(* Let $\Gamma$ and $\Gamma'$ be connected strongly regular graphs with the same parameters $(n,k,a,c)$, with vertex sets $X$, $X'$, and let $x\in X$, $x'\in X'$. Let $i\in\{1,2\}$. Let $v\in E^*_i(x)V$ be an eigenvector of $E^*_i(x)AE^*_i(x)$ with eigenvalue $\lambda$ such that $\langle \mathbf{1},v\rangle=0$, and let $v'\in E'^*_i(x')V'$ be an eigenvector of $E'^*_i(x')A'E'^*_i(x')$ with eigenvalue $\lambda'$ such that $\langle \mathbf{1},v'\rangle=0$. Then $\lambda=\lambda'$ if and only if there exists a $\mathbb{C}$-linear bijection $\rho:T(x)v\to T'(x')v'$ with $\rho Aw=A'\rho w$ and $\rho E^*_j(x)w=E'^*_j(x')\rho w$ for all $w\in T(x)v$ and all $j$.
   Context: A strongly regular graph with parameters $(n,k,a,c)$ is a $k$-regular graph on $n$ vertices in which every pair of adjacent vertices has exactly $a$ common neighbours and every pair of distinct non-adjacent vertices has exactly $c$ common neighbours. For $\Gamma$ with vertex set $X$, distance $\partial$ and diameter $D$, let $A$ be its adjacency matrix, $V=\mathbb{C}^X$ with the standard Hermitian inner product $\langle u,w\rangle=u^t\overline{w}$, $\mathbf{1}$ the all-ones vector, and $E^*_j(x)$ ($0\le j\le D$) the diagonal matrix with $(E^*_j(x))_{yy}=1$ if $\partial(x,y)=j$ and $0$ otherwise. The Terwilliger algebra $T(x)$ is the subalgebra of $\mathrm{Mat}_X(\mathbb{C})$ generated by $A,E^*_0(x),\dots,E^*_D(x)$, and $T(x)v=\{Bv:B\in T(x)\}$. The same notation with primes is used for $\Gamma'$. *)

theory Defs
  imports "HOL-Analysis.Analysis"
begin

———

> [Required action]: The expected answer is a copy of each line above containing "mathbf".

> [Exercise solution]:
(* Let $\Gamma$ and $\Gamma'$ be connected strongly regular graphs with the same parameters $(n,k,a,c)$, with vertex sets $X$, $X'$, and let $x\in X$, $x'\in X'$. Let $i\in\{1,2\}$. Let $v\in E^*_i(x)V$ be an eigenvector of $E^*_i(x)AE^*_i(x)$ with eigenvalue $\lambda$ such that $\langle \mathbf{1},v\rangle=0$, and let $v'\in E'^*_i(x')V'$ be an eigenvector of $E'^*_i(x')A'E'^*_i(x')$ with eigenvalue $\lambda'$ such that $\langle \mathbf{1},v'\rangle=0$. Then $\lambda=\lambda'$ if and only if there exists a $\mathbb{C}$-linear bijection $\rho:T(x)v\to T'(x')v'$ with $\rho Aw=A'\rho w$ and $\rho E^*_j(x)w=E'^*_j(x')\rho w$ for all $w\in T(x)v$ and all $j$.
   Context: A strongly regular graph with parameters $(n,k,a,c)$ is a $k$-regular graph on $n$ vertices in which every pair of adjacent vertices has exactly $a$ common neighbours and every pair of distinct non-adjacent vertices has exactly $c$ common neighbours. For $\Gamma$ with vertex set $X$, distance $\partial$ and diameter $D$, let $A$ be its adjacency matrix, $V=\mathbb{C}^X$ with the standard Hermitian inner product $\langle u,w\rangle=u^t\overline{w}$, $\mathbf{1}$ the all-ones vector, and $E^*_j(x)$ ($0\le j\le D$) the diagonal matrix with $(E^*_j(x))_{yy}=1$ if $\partial(x,y)=j$ and $0$ otherwise. The Terwilliger algebra $T(x)$ is the subalgebra of $\mathrm{Mat}_X(\mathbb{C})$ generated by $A,E^*_0(x),\dots,E^*_D(x)$, and $T(x)v=\{Bv:B\in T(x)\}$. The same notation with primes is used for $\Gamma'$. *)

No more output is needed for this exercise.